*** Opening of Data records ***

(* Let $\underline p^\infty(q):=\sup_{\sigma\in\Sigma}\inf_{\xi\in\Xi}P_{\rm reach}(Q_{\rm safe},Q_{\rm tgt},\infty\mid q,\sigma,\xi)$, $Q_{\rm reach}:=\{q:\underline p^\infty(q)>0\}$, and $A^*(q):=\arg\max_{a\in A}\min_{\gamma\in\Gamma_{q,a}}\sum_{q'}\gamma(q')\underline p^\infty(q')$. Let $Q^0:=Q_{\rm tgt}$ and for $m\ge1$ $$Q^m:=Q^{m-1}\cup\Big\{q\in Q\setminus Q^{m-1}:\exists a\in A^*(q)\ \text{with}\ \min_{\gamma\in\Gamma_{q,a}}\sum_{q'\in Q^{m-1}}\gamma(q')>0\Big\},$$ and $m_{\max}:=\min\{m\ge1:Q^m=Q^{m-1}\}$. Let $\sigma^*\in\Sigma_s$ be a stationary strategy such that for every $m\in\{1,\dots,m_{\max}\}$ and every $q\in Q^m\setminus Q^{m-1}$, $$\sigma^*(q)\in\Big\{a\in A^*(q):\min_{\gamma\in\Gamma_{q,a}}\sum_{q'\in Q^{m-1}}\gamma(q')>0\Big\},$$ with arbitrary actions at states $q\in Q_{\rm tgt}\cup(Q\setminus Q_{\rm reach})$. Then $\sigma^*$ is proper and optimal: for every $q\in Q$, $\inf_{\xi\in\Xi}P_{\rm reach}(Q_{\rm safe},Q_{\rm tgt},\infty\mid q,\sigma^*,\xi)=\underline p^\infty(q)$, and $\lim_{k\to\infty}\widetilde P^{q,\sigma^*}_\xi[\omega(k)\in Q_{\rm reach}]=0$ for every adversary $\xi$ of $\widetilde{\mathcal M}$.
   Context: Fix $n\ge1$, $s\ge1$, $\varepsilon\ge0$, a finite mode set $U=\{1,\dots,m\}$, continuous $f_u:\mathbb R^n\to\mathbb R^n$ ($u\in U$), and a Borel probability $\widehat p_v$ on $\mathbb R^n$ with finite $s$-th moment; $T^u_{p_v}(B\mid x):=p_v(\{v:f_u(x)+v\in B\})$. Abstraction. $X\subset\mathbb R^n$ bounded Borel, $X_{\rm tgt}\subset X$; $Q_{\rm safe}$ a finite family of pairwise disjoint Borel sets with union $X$, each either contained in or disjoint from $X_{\rm tgt}$; $Q_{\rm tgt}$ those contained in $X_{\rm tgt}$; $q_u:=\mathbb R^n\setminus X$; $Q:=Q_{\rm safe}\cup\{q_u\}$; $A:=U$. Bounds $\underline P\le\overline P$ in $[0,1]$ on $Q\times A\times Q$ with $\sum_{q'}\underline P(q,a,q')\le1\le\sum_{q'}\overline P(q,a,q')$, $\underline P(q,a,q')\le\inf_{x\in q}T^a_{\widehat p_v}(q'\mid x)$, $\overline P(q,a,q')\ge\sup_{x\in q}T^a_{\widehat p_v}(q'\mid x)$ for $q\in Q_{\rm safe}$, and $\underline P(q_u,a,q_u)=\overline P(q_u,a,q_u)=1$. $\widehat\Gamma_{q,a}:=\{\gamma\in\mathcal D(Q):\underline P(q,a,\cdot)\le\gamma\le\overline P(q,a,\cdot)\}$. With $c(q,q'):=\inf\{\|x-y\|^s:x\in q,y\in q'\}$ and $\mathcal T_c(\gamma,\gamma')$ the minimal $c$-transport cost over couplings of $\gamma,\gamma'\in\mathcal D(Q)$, $\Gamma_{q,a}:=\{\gamma:\exists\widehat\gamma\in\widehat\Gamma_{q,a},\ \mathcal T_c(\gamma,\widehat\gamma)\le\varepsilon^s\}$ for $q\in Q_{\rm safe}$, and $\Gamma_{q_u,a}:=\widehat\Gamma_{q_u,a}$. This is the robust MDP $\mathcal M=(Q,A,\Gamma)$. Semantics. Strategies $\sigma\in\Sigma$ map finite paths to actions; $\Sigma_s$ are the stationary ones. Adversaries $\xi\in\Xi$ map each finite path $\omega^k$ and action $a$ to a distribution in $\Gamma_{\mathrm{last}(\omega^k),a}$. $P^{q,\sigma}_\xi$ is the path measure with $\omega(0)=q$ and $P[\omega(k+1)=q'\mid\omega^k]=\xi(\omega^k,\sigma(\omega^k))(q')$. $P_{\rm reach}(Q_{\rm safe},Q_{\rm tgt},\infty\mid q,\sigma,\xi):=P^{q,\sigma}_\xi[\exists k\ge0:\omega(k)\in Q_{\rm tgt}\wedge\forall k'<k,\ \omega(k')\in Q_{\rm safe}]$. Modified robust MDP. $\widetilde{\mathcal M}=(Q,A,\widetilde\Gamma)$ with $\widetilde\Gamma_{q,a}:=\{\delta_{q_u}\}$ for $q\in Q_{\rm tgt}$ and $\widetilde\Gamma_{q,a}:=\Gamma_{q,a}$ otherwise. Its adversaries choose distributions from $\widetilde\Gamma$, and $\widetilde P^{q,\sigma}_\xi$ is the corresponding path measure. A stationary strategy is called proper if it satisfies the limit condition stated in the claim for all $q$ and all adversaries of $\widetilde{\mathcal M}$. *)

theory Defs
  imports "HOL-Probability.Probability"
begin
text \<open>Redefining $f$ at a point $b$ whose fibre meets $A$ twice, to take a value $c \in A$ outside
  $f(A)$, raises the rank by one; composing with a collapse undoes this.\<close>
lemma fun_upd_RegTXA:
  assumes f: "f \<in> RegTXA X A" and ab: "a \<in> A" "b \<in> A" "a \<noteq> b" "f a = f b"
    and c: "c \<in> A" "c \<notin> f ` A"
  shows "f(b := c) \<in> RegTXA X A" and "f(b := c) ` A = insert c (f ` A)"
    and "f = comp_on X (collapse X A c (f a)) (f(b := c))"
proof -
  note f' = RegTXA_D[OF f]
  have bcX: "b \<in> X" "c \<in> X" using ab(2) c(1) A_subset by auto
  have "f a \<in> f ` (A - {b})" by (rule image_eqI[OF refl]) (use ab in auto)
  then have "f ` (A - {b}) = f ` A" using ab(2,4) by (metis image_insert insert_Diff insert_absorb)
  then show img: "f(b := c) ` A = insert c (f ` A)"
    using ab(2) fun_upd_image[of f b c A] by (simp only: if_True)
  have "f(b := c) ` X \<subseteq> insert c (f ` X)"
  proof (rule image_subsetI)
    fix x assume "x \<in> X"
    then show "(f(b := c)) x \<in> insert c (f ` X)" by (cases "x = b") auto
  qed
  moreover have "insert c (f ` X) \<subseteq> A" and "insert c (f ` X) \<subseteq> f(b := c) ` A"
    using f'(2,3) c(1) unfolding img by auto
  moreover have "f(b := c) \<in> X \<rightarrow>\<^sub>E X"
    using PiE_fun_upd[OF bcX(2) f'(1), of b] by (simp only: insert_absorb[OF bcX(1)])
  ultimately show "f(b := c) \<in> RegTXA X A" unfolding RegTXA_iff by (meson subset_trans)
  show "f = comp_on X (collapse X A c (f a)) (f(b := c))"
  proof
    fix x show "f x = comp_on X (collapse X A c (f a)) (f(b := c)) x"
    proof (cases "x \<in> X")
      case x: True
      show ?thesis
      proof (cases "x = b")
        case True then show ?thesis using x bcX ab(4) by (simp add: collapse_def)
      next
        case False
        have "f x \<in> f ` A" using f'(3) x by blast
        then have "f x \<in> A - {c}" "f x \<in> X" using f'(2) c(2) A_subset x by auto
        then show ?thesis using x False by (simp add: collapse_def)
      qed
    qed (use f'(1) in \<open>simp add: comp_on_def PiE_def extensional_def\<close>)
  qed
qed
lemma walks_Suc_nth: "walks (Suc k) $ p $ q = (\<Sum>s | E q s. walks k $ p $ s)"
proof -
  have "walks (Suc k) $ p $ q = (\<Sum>s\<in>UNIV. adj_matrix E $ q $ s * walks k $ p $ s)"
    by (simp only: mat_power_Suc_right) (simp add: matrix_matrix_mult_def mult.commute adj_matrix_sym)
  then show ?thesis
    by (simp add: sum_adj_matrix_row)
qed

lemma walks_2_diag: "walks 2 $ p $ p = d"
proof -
  have "walks 2 $ p $ p = (\<Sum>s | E p s. walks 1 $ p $ s)"
    by (rule walks_Suc_nth[of 1, unfolded Suc_1])
  also have "\<dots> = (\<Sum>s | E p s. 1)"
    by (rule sum.cong) (simp_all add: adj_matrix_nth)
  finally show ?thesis
    by (simp add: card_neighbours)
qed

lemma sum_walks_squared:
  fixes c :: real
  assumes "\<And>a b. E a b \<Longrightarrow> walks (2 * k + 1) $ a $ b = c"
  shows "(\<Sum>s\<in>UNIV. (walks (Suc k) $ p $ s)\<^sup>2) = d * c"
proof -
  have "(\<Sum>s\<in>UNIV. (walks (Suc k) $ p $ s)\<^sup>2) = walks (Suc k + Suc k) $ p $ p"
    by (simp only: mat_power_add matrix_matrix_mult_def vec_lambda_beta power2_eq_square
        walks_sym[of "Suc k" _ p])
  also have "Suc k + Suc k = Suc (2 * k + 1)"
    by simp
  also have "walks (Suc (2 * k + 1)) $ p $ p = (\<Sum>s | E p s. walks (2 * k + 1) $ p $ s)"
    by (rule walks_Suc_nth)
  also have "\<dots> = (\<Sum>s | E p s. c)"
    by (rule sum.cong[OF refl], rule assms) simp
  finally show ?thesis
    by (simp add: card_neighbours)
qed

lemma sum_UNIV_split_neighbours:
  "(\<Sum>t\<in>UNIV. f t) = (\<Sum>t | E p t. f t) + (\<Sum>t | \<not> E p t. f t)"
  using sum.If_cases[of UNIV "E p" f f] by (simp add: Collect_neg_eq)

lemma sum_UNIV_remove: "(\<Sum>t\<in>UNIV. f t) = f p + (\<Sum>t\<in>UNIV - {p}. f t)" for f :: "'v \<Rightarrow> real"
  by (rule sum.remove) simp_all

context
  fixes p :: 'v
  assumes walks_3_edge: "\<And>a b. E a b \<Longrightarrow> walks 3 $ a $ b = real d ^ 2 - d + 1"
begin

lemma sums_walks_2_off_diagonal:
  shows "(\<Sum>s\<in>UNIV - {p}. walks 2 $ p $ s) = real d ^ 2 - d"
    and "(\<Sum>s\<in>UNIV - {p}. (walks 2 $ p $ s)\<^sup>2) = real d * (real d - 1)\<^sup>2"
proof -
  have "(\<Sum>s\<in>UNIV. (walks 2 $ p $ s)\<^sup>2) = d * (real d ^ 2 - d + 1)"
    using sum_walks_squared[of 1, unfolded Suc_1] walks_3_edge by simp
  then show "(\<Sum>s\<in>UNIV - {p}. (walks 2 $ p $ s)\<^sup>2) = real d * (real d - 1)\<^sup>2"
    using sum_UNIV_remove[of "\<lambda>s. (walks 2 $ p $ s)\<^sup>2" p]
    by (simp add: walks_2_diag power2_eq_square power3_eq_cube algebra_simps)
  show "(\<Sum>s\<in>UNIV - {p}. walks 2 $ p $ s) = real d ^ 2 - d"
    using sum_UNIV_remove[of "\<lambda>s. walks 2 $ p $ s" p] sum_walks_row[of 2 p]
    by (simp add: walks_2_diag)
qed

lemma sums_walks_3_non_neighbours:
  assumes walks_5_edge: "\<And>a b. E a b \<Longrightarrow> walks 5 $ a $ b = real d ^ 4 - real d ^ 3 + real d ^ 2 - d + 1"
  shows "(\<Sum>t | \<not> E p t. walks 3 $ p $ t) = real d ^ 2 - d"
    and "(\<Sum>t | \<not> E p t. (walks 3 $ p $ t)\<^sup>2) = (real d ^ 2 - d)\<^sup>2"
proof -
  have "Suc 2 = 3" "2 * 2 + 1 = (5::nat)"
    by simp_all
  then have "(\<Sum>t\<in>UNIV. (walks 3 $ p $ t)\<^sup>2) = d * (real d ^ 4 - real d ^ 3 + real d ^ 2 - d + 1)"
    using sum_walks_squared[of 2] walks_5_edge by simp
  then show "(\<Sum>t | \<not> E p t. (walks 3 $ p $ t)\<^sup>2) = (real d ^ 2 - d)\<^sup>2"
    using sum_UNIV_split_neighbours[of "\<lambda>t. (walks 3 $ p $ t)\<^sup>2" p]
    by (simp add: walks_3_edge card_neighbours power2_eq_square power3_eq_cube power4_eq_xxxx algebra_simps)
  show "(\<Sum>t | \<not> E p t. walks 3 $ p $ t) = real d ^ 2 - d"
    using sum_UNIV_split_neighbours[of "\<lambda>t. walks 3 $ p $ t" p] sum_walks_row[of 3 p]
    by (simp add: walks_3_edge card_neighbours power2_eq_square power3_eq_cube power4_eq_xxxx algebra_simps)
qed
(* Let $n\ge 1$, $\nu>0$, let $M\in\mathbb{R}^{n\times n}$ be diagonal with positive diagonal entries, let $L\in\mathbb{R}^{n\times n}$ be nonsingular, and let $\Pi_k$ be an $n\times n$ diagonal matrix with diagonal entries in $\{0,1\}$. For $\alpha_u,\alpha_y\ge0$ with $\max\{\alpha_u,\alpha_y\}>0$ set $\gamma_1=\frac{\alpha_y^2\nu}{\alpha_y^2\nu+\alpha_u^2}$, $\gamma_2=\frac{\alpha_u^2}{\alpha_y^2\nu+\alpha_u^2}$, $$\mathbb{S}_k=\nu LM^{-1}L^T+M-\frac{1}{\alpha_y^2\nu+\alpha_u^2}(\alpha_y\nu LM^{-1}-\alpha_u I)\Pi_k M\Pi_k(\alpha_y\nu LM^{-1}-\alpha_u I)^T,$$ $L_1=\sqrt{\nu}L(I-\gamma_1\Pi_k)^{1/2}+(I-\gamma_2\Pi_k)^{1/2}M$, $\widehat{\mathbb{S}}_k=L_1M^{-1}L_1^T$, assumed nonsingular. Let $\lambda$ be an eigenvalue of $\widehat{\mathbb{S}}_k^{-1}\mathbb{S}_k$. Then in the two cases below $$\lambda\le\zeta^2+(1+\zeta)^2,$$ where: (i) if $(\alpha_u,\alpha_y)=(1,0)$, then $\zeta=\big\|M^{1/2}\big(\sqrt{\nu}L+M(I-\Pi_k)\big)^{-1}\sqrt{\nu}LM^{-1/2}\big\|$; moreover, if $L+L^T$ is positive definite, then (with $M,L,\Pi_k$ fixed) $\zeta$ is bounded, as $\nu\to0$, by a constant independent of $\nu$; (ii) if $(\alpha_u,\alpha_y)=(0,1)$, then $\zeta=\big\|\big(I+\sqrt{\nu}M^{-1/2}LM^{-1/2}(I-\Pi_k)\big)^{-1}\big\|$; moreover $\zeta\to1$ as $\nu\to0$.
   Context: $\|\cdot\|$ is the spectral norm. Square roots of nonnegative diagonal matrices are taken entrywise. Case (i) corresponds to control constraints and case (ii) to state constraints. *)

theory Defs
  imports "HOL-Analysis.Analysis"
begin

definition is_diag :: "real^'n^'n \<Rightarrow> bool" where
  "is_diag A \<longleftrightarrow> (\<forall>i j. i \<noteq> j \<longrightarrow> A $ i $ j = 0)"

*** Close of Data records ***

Brief: Would you copy every line of the entries in which "lemma" appears?

Worked solution:
lemma fun_upd_RegTXA:
lemma walks_Suc_nth: "walks (Suc k) $ p $ q = (\<Sum>s | E q s. walks k $ p $ s)"
lemma walks_2_diag: "walks 2 $ p $ p = d"
lemma sum_walks_squared:
lemma sum_UNIV_split_neighbours:
lemma sum_UNIV_remove: "(\<Sum>t\<in>UNIV. f t) = f p + (\<Sum>t\<in>UNIV - {p}. f t)" for f :: "'v \<Rightarrow> real"
lemma sums_walks_2_off_diagonal:
lemma sums_walks_3_non_neighbours:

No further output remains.